======== Exercise material ========

section \<open>Best approximation by weak-star continuous functionals\<close>

lemma best_approximation_iff:
  "best_approximation f Y g0 \<longleftrightarrow> g0 \<in> Y \<and> (\<forall>g\<in>Y. norm (f - g0) \<le> norm (f - g))"
proof
  assume best: "best_approximation f Y g0"
  have "norm (f - g0) \<le> norm (f - g)" if "g \<in> Y" for g
    using best that unfolding best_approximation_def
    by (auto intro!: cInf_lower bdd_belowI[of _ 0])
  then show "g0 \<in> Y \<and> (\<forall>g\<in>Y. norm (f - g0) \<le> norm (f - g))"
    using best unfolding best_approximation_def by blast
next
  assume "g0 \<in> Y \<and> (\<forall>g\<in>Y. norm (f - g0) \<le> norm (f - g))"
  then show "best_approximation f Y g0"
    unfolding best_approximation_def by (auto intro!: cInf_eq_minimum[symmetric])
qed

lemma norm_diff_le_if_norming_annihilator:
  assumes "\<phi> \<in> null_space g0 \<inter> null_space g" "\<phi> \<in> norming_set (f - g0)"
  shows "norm (f - g0) \<le> norm (f - g)"
proof -
  have "norm \<phi> = 1" using assms(2) unfolding norming_set_def by simp
  have "norm (f - g0) = \<bar>(f - g0) \<phi>\<bar>" using assms(2) unfolding norming_set_def by simp
  also have "\<dots> = \<bar>(f - g) \<phi>\<bar>"
    using assms(1) unfolding null_space_def by (simp add: blinfun.diff_left)
  also have "\<dots> \<le> norm (f - g) * norm \<phi>"
    using norm_blinfun[of "f - g" \<phi>] by simp
  finally show ?thesis using \<open>norm \<phi> = 1\<close> by simp
qed
lemma alloc_at_total_bound:
  assumes "0 \<le> y" "y \<le> 1"
  shows "(\<Sum>k\<in>UNIV. alloc_at y k h) \<le> q h \<and> (h \<notin> exh_at y \<longrightarrow> (\<Sum>k\<in>UNIV. alloc_at y k h) < q h)"
proof (cases "y < 1")
  case False
  then have y: "y = 1" using assms by simp
  have "(\<Sum>k\<in>UNIV. alloc_at y k h) = q h - remaining N h" using y alloc_at_1 remaining_eq[of N h] by simp
  moreover have "h \<notin> exh_at y \<Longrightarrow> remaining N h > 0"
    using y phase_at_le_N[of 1] le_phase_at[of N 1] time_N by (simp add: exh_at_def exh_def exhausted_def)
  ultimately show ?thesis using remaining_nonneg[of N h] by auto
next
  case True
  let ?p = "phase_at y"
  have p: "time ?p \<le> y" "y < time (Suc ?p)" "time ?p < 1"
    using time_phase_at_le phase_at_before_1 assms(1) True by simp_all
  have A: "alloc_at y k h = alloc ?p k h + (y - time ?p) * eat_rate ?p k h" for k
    using alloc_at_in_phase[OF p(1) less_imp_le[OF p(2)] p(3)] .
  have "(\<Sum>k\<in>UNIV. alloc_at y k h) = (\<Sum>k\<in>UNIV. alloc ?p k h) + (y - time ?p) * load ?p h"
    unfolding A sum.distrib sum_distrib_left[symmetric] sum_eat_rate ..
  also have "\<dots> = q h - remaining ?p h + (y - time ?p) * load ?p h" using remaining_eq[of ?p h] by simp
  finally have S: "(\<Sum>k\<in>UNIV. alloc_at y k h) = q h - remaining ?p h + (y - time ?p) * load ?p h" .
  have lt: "y - time ?p < dur ?p" using p time_Suc[OF p(3)] by simp
  have R: "load ?p h * dur ?p \<le> remaining ?p h" using load_dur_le_remaining[OF phase_inv p(3)] .
  consider "load ?p h = 0" | "load ?p h > 0" using load_nonneg[of ?p h] by fastforce
  then have "(y - time ?p) * load ?p h \<le> remaining ?p h
      \<and> (h \<notin> exh_at y \<longrightarrow> (y - time ?p) * load ?p h < remaining ?p h)"
  proof cases
    case 1
    then show ?thesis using remaining_nonneg[of ?p h] by (simp add: exh_at_def exh_def exhausted_def)
  next
    case 2
    then have "(y - time ?p) * load ?p h < load ?p h * dur ?p" using lt by (simp add: mult.commute)
    then show ?thesis using R by simp
  qed
  then show ?thesis using S by simp
qed

lemma alloc_at_less_alloc_at_1_if_eating:
  assumes "0 \<le> y" "y < 1" "cur_at y k = h"
  shows "alloc_at y k h < alloc_at 1 k h"
proof -
  let ?p = "phase_at y"
  let ?y' = "time (Suc ?p)"
  have p: "time ?p \<le> y" "y < ?y'" using time_phase_at_le phase_at_before_1 assms(1,2) by simp_all
  have "\<forall>y'. y \<le> y' \<and> y' < ?y' \<longrightarrow> cur_at y' k = h"
  proof (intro allI impI)
    fix y' assume "y \<le> y' \<and> y' < ?y'"
    then have "cur_at y' k = cur ?p k" using cur_at_in_phase[of ?p y' k] p(1) by simp
    then show "cur_at y' k = h" using assms(3) by (simp add: cur_at_def)
  qed
  then have "alloc_at ?y' k h - alloc_at y k h = r k * (?y' - y)"
    using alloc_at_eating[OF assms(1) _ time_le_1] p(2) by simp
  moreover have "r k * (?y' - y) > 0" using rate_pos p(2) by simp
  moreover have "alloc_at ?y' k h \<le> alloc_at 1 k h"
    using alloc_at_mono[OF _ time_le_1 order_refl] assms(1) p(2) by simp
  ultimately show ?thesis by simp
qed
lemma irreducible_cubic_root_rat_independent:
  fixes f :: "rat poly" and z :: "'a::field_char_0"
  assumes "irreducible f" and "degree f = 3" and "poly (map_poly of_rat f) z = 0"
    and "of_rat r0 + of_rat r1 * z + of_rat r2 * z^2 = 0"
  shows "r0 = 0 \<and> r1 = 0 \<and> r2 = 0"
proof -
  have root: "poly (map_poly of_rat [:r0, r1, r2:]) z = 0"
    using assms(4) by (simp add: map_poly_pCons algebra_simps power2_eq_square)
  have "degree [:r0, r1, r2:] < degree f"
    using degree_pCons_le[of r0 "[:r1, r2:]"] degree_pCons_le[of r1 "[:r2:]"] assms(2) by simp
  then have "[:r0, r1, r2:] = 0"
    using irreducible_common_root_degree_le[OF assms(1,3) root] by (meson leD)
  then show ?thesis
    by simp
qed

lemma Q_adjoin_cubic_rep:
  fixes f :: "rat poly"
  assumes "degree f = 3" and "poly (map_poly of_rat f) \<theta> = 0" and "\<alpha> \<in> Q_adjoin \<theta>"
  obtains r0 r1 r2 where "\<alpha> = of_rat r0 + of_rat r1 * \<theta> + of_rat r2 * \<theta>^2"
proof -
  obtain p where p: "\<alpha> = poly (map_poly of_rat p) \<theta>"
    using assms(3) unfolding Q_adjoin_def by blast
  define r where "r = p mod f"
  have "p = f * (p div f) + r"
    by (simp add: r_def)
  then have "\<alpha> = poly (map_poly of_rat r) \<theta>"
    using p assms(2) by (metis map_poly_of_rat_add map_poly_of_rat_mult poly_add poly_mult
        mult_zero_left add_0)
  moreover have "degree r < 3 \<or> r = 0"
    using degree_mod_less[of f p] assms(1) by (cases "f = 0") (auto simp: r_def)
  then have "degree r \<le> 3" and "coeff r 3 = 0"
    by (auto simp: coeff_eq_0)
  ultimately show ?thesis
    using poly_of_rat_degree_le_3[of r \<theta>] that[of "coeff r 0" "coeff r 1" "coeff r 2"] by simp
qed
lemma card_squared_le_card_image_mult_card_equal_pairs:
  assumes "finite W"
  shows "card W ^ 2 \<le> card (g ` W) * card {(x, y) \<in> W \<times> W. g x = g y}"
proof -
  define fibre where "fibre v = {x \<in> W. g x = v}" for v
  have fin: "finite (fibre v)" for v
    using assms by (simp add: fibre_def)
  have disj: "fibre v \<inter> fibre w = {}" if "v \<noteq> w" for v w
    using that by (auto simp: fibre_def)
  have "card W = card (\<Union>v\<in>g ` W. fibre v)"
    by (rule arg_cong[where f = card]) (auto simp: fibre_def)
  also have "\<dots> = (\<Sum>v\<in>g ` W. card (fibre v))"
    using assms fin disj by (intro card_UN_disjoint) auto
  finally have card_W: "card W = (\<Sum>v\<in>g ` W. card (fibre v))" .
  have "card {(x, y) \<in> W \<times> W. g x = g y} = card (\<Union>v\<in>g ` W. fibre v \<times> fibre v)"
    by (rule arg_cong[where f = card]) (auto simp: fibre_def)
  also have "\<dots> = (\<Sum>v\<in>g ` W. card (fibre v) ^ 2)"
    using assms fin disj by (subst card_UN_disjoint) (auto simp: power2_eq_square card_cartesian_product)
  finally have card_pairs: "card {(x, y) \<in> W \<times> W. g x = g y} = (\<Sum>v\<in>g ` W. card (fibre v) ^ 2)" .
  have "real (card W) ^ 2 \<le> (\<Sum>v\<in>g ` W. real (card (fibre v)) ^ 2) * card (g ` W)"
    unfolding card_W of_nat_sum by (rule sum_squared_le_sum_of_squares)
  then have "real (card W ^ 2) \<le> real (card (g ` W) * card {(x, y) \<in> W \<times> W. g x = g y})"
    unfolding card_pairs by (simp add: mult.commute)
  then show ?thesis
    by (simp only: of_nat_le_iff)
qed

lemma sum_card_filter_swap:
  assumes "finite A" and "finite B"
  shows "(\<Sum>a\<in>A. card {b \<in> B. R a b}) = (\<Sum>b\<in>B. card {a \<in> A. R a b})"
  using sum.swap_restrict[OF assms, of "\<lambda>_ _. 1::nat" R] by simp

lemma card_filter_eq_iff:
  assumes "finite W"
  shows "card {u \<in> W. P u} = card {u \<in> W. Q u}
           \<longleftrightarrow> card {u \<in> W. P u \<and> \<not> Q u} = card {u \<in> W. Q u \<and> \<not> P u}"
proof -
  have split: "card {u \<in> W. R u} = card {u \<in> W. R u \<and> \<not> R' u} + card {u \<in> W. R u \<and> R' u}" for R R'
  proof -
    have "{u \<in> W. R u} = {u \<in> W. R u \<and> \<not> R' u} \<union> {u \<in> W. R u \<and> R' u}"
      by auto
    then show ?thesis
      using assms by (simp add: card_Un_disjoint disjoint_iff)
  qed
  show ?thesis
    using split[of P Q] split[of Q P] by (simp add: conj_commute)
qed

lemma card_supersets:
  assumes "finite V" and "S \<subseteq> V"
  shows "card {W \<in> Pow V. S \<subseteq> W} = 2 ^ card (V - S)"
proof -
  have "bij_betw (\<lambda>Z. Z \<union> S) (Pow (V - S)) {W \<in> Pow V. S \<subseteq> W}"
    by (rule bij_betw_byWitness[where f' = "\<lambda>W. W - S"]) (use assms in auto)
  then show ?thesis
    using assms by (simp flip: bij_betw_same_card add: card_Pow)
qed

lemma two_power_card_Diff:
  assumes "finite V" and "S \<subseteq> V"
  shows "(2::real) ^ card (V - S) = 2 ^ card V / 2 ^ card S"
proof -
  have "card V = card (V - S) + card S"
    using assms by (metis card_Diff_subset card_mono finite_subset le_add_diff_inverse2)
  then show ?thesis
    by (simp add: power_add)
qed

lemma card_balanced_subsets_le:
  assumes "finite U" and "A \<subseteq> U" and "B \<subseteq> U" and "A \<inter> B = {}"
  shows "card {W \<in> Pow U. card (W \<inter> A) = card (W \<inter> B)}
           \<le> (card (A \<union> B) choose card B) * 2 ^ card (U - (A \<union> B))"
proof -
  let ?Bal = "{W \<in> Pow U. card (W \<inter> A) = card (W \<inter> B)}"
  let ?Codes = "{Z. Z \<subseteq> A \<union> B \<and> card Z = card B} \<times> Pow (U - (A \<union> B))"
  define code where "code W = ((W \<inter> A) \<union> (B - W), W - (A \<union> B))" for W
  have fin: "finite A" "finite B"
    using assms by (auto intro: finite_subset)
  have "inj_on code ?Bal"
    by (rule inj_on_inverseI[where g = "\<lambda>(Z, R). (Z \<inter> A) \<union> (B - Z) \<union> R"])
       (use assms in \<open>auto simp: code_def\<close>)
  moreover have "code ` ?Bal \<subseteq> ?Codes"
  proof (rule image_subsetI)
    fix W assume "W \<in> ?Bal"
    then have W: "W \<subseteq> U" "card (W \<inter> A) = card (W \<inter> B)"
      by auto
    have "card ((W \<inter> A) \<union> (B - W)) = card (W \<inter> B) + card (B - W)"
      using W(2) fin assms(4) by (subst card_Un_disjoint) auto
    also have "\<dots> = card B"
      using fin by (metis Int_commute card_Int_Diff)
    finally show "code W \<in> ?Codes"
      using W(1) by (auto simp: code_def)
  qed
  moreover have "finite ?Codes"
    using assms fin by auto
  ultimately have "card ?Bal \<le> card ?Codes"
    by (intro card_inj_on_le)
  also have "card ?Codes = (card (A \<union> B) choose card B) * 2 ^ card (U - (A \<union> B))"
    using assms fin by (simp add: card_cartesian_product n_subsets card_Pow)
  finally show ?thesis .
qed

lemma central_binomial_Suc_eq_double: "(2 * Suc m) choose Suc m = 2 * ((2 * m + 1) choose m)"
proof -
  have "(2 * m + 1) choose Suc m = (2 * m + 1) choose m"
    using central_binomial_odd[of "2 * m + 1"] by simp
  then show ?thesis
    by simp
qed

lemma central_binomial_Suc_mult: "Suc m * ((2 * Suc m) choose Suc m) = 2 * (2 * m + 1) * ((2 * m) choose m)"
proof -
  have "(2 * m + 1) * ((2 * m) choose m) = ((2 * m + 1) choose Suc m) * Suc m"
    using Suc_times_binomial_eq[of "2 * m" m] by simp
  also have "(2 * m + 1) choose Suc m = (2 * m + 1) choose m"
    using central_binomial_odd[of "2 * m + 1"] by simp
  finally show ?thesis
    unfolding central_binomial_Suc_eq_double by (simp add: algebra_simps)
qed

lemma central_binomial_squared_le: "real ((2 * m) choose m) ^ 2 * (2 * real m + 1) \<le> 16 ^ m"
proof (induction m)
  case 0
  then show ?case by simp
next
  case (Suc m)
  define c where "c = real ((2 * m) choose m)"
  define c' where "c' = real ((2 * Suc m) choose Suc m)"
  have rec: "(real m + 1) * c' = 2 * (2 * real m + 1) * c"
    unfolding c_def c'_def using arg_cong[OF central_binomial_Suc_mult[of m], of real]
    by (simp add: algebra_simps del: binomial_Suc_Suc)
  have "(real m + 1) ^ 2 * (c' ^ 2 * (2 * real m + 3)) = ((real m + 1) * c') ^ 2 * (2 * real m + 3)"
    by (simp add: power_mult_distrib)
  also have "\<dots> = 4 * (2 * real m + 1) * (2 * real m + 3) * (c ^ 2 * (2 * real m + 1))"
    unfolding rec by (simp add: power2_eq_square algebra_simps)
  also have "\<dots> \<le> 4 * (2 * real m + 1) * (2 * real m + 3) * 16 ^ m"
    using Suc.IH by (intro mult_left_mono) (auto simp: c_def)
  also have "\<dots> \<le> (real m + 1) ^ 2 * 16 ^ Suc m"
    by (simp add: power2_eq_square algebra_simps)
  finally have "(real m + 1) ^ 2 * (c' ^ 2 * (2 * real m + 3)) \<le> (real m + 1) ^ 2 * 16 ^ Suc m" .
  then have "c' ^ 2 * (2 * real m + 3) \<le> 16 ^ Suc m"
    by (rule mult_left_le_imp_le) simp
  then show ?case
    by (simp add: c'_def algebra_simps del: binomial_Suc_Suc)
qed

========

Directions for this task:
Among the lines above, which ones include the word "dots"? Copy them.

The answer:
  also have "\<dots> = \<bar>(f - g) \<phi>\<bar>"
  also have "\<dots> \<le> norm (f - g) * norm \<phi>"
  also have "\<dots> = q h - remaining ?p h + (y - time ?p) * load ?p h" using remaining_eq[of ?p h] by simp
  also have "\<dots> = (\<Sum>v\<in>g ` W. card (fibre v))"
  also have "\<dots> = (\<Sum>v\<in>g ` W. card (fibre v) ^ 2)"
    also have "\<dots> = card B"
  also have "\<dots> = 4 * (2 * real m + 1) * (2 * real m + 3) * (c ^ 2 * (2 * real m + 1))"
  also have "\<dots> \<le> 4 * (2 * real m + 1) * (2 * real m + 3) * 16 ^ m"
  also have "\<dots> \<le> (real m + 1) ^ 2 * 16 ^ Suc m"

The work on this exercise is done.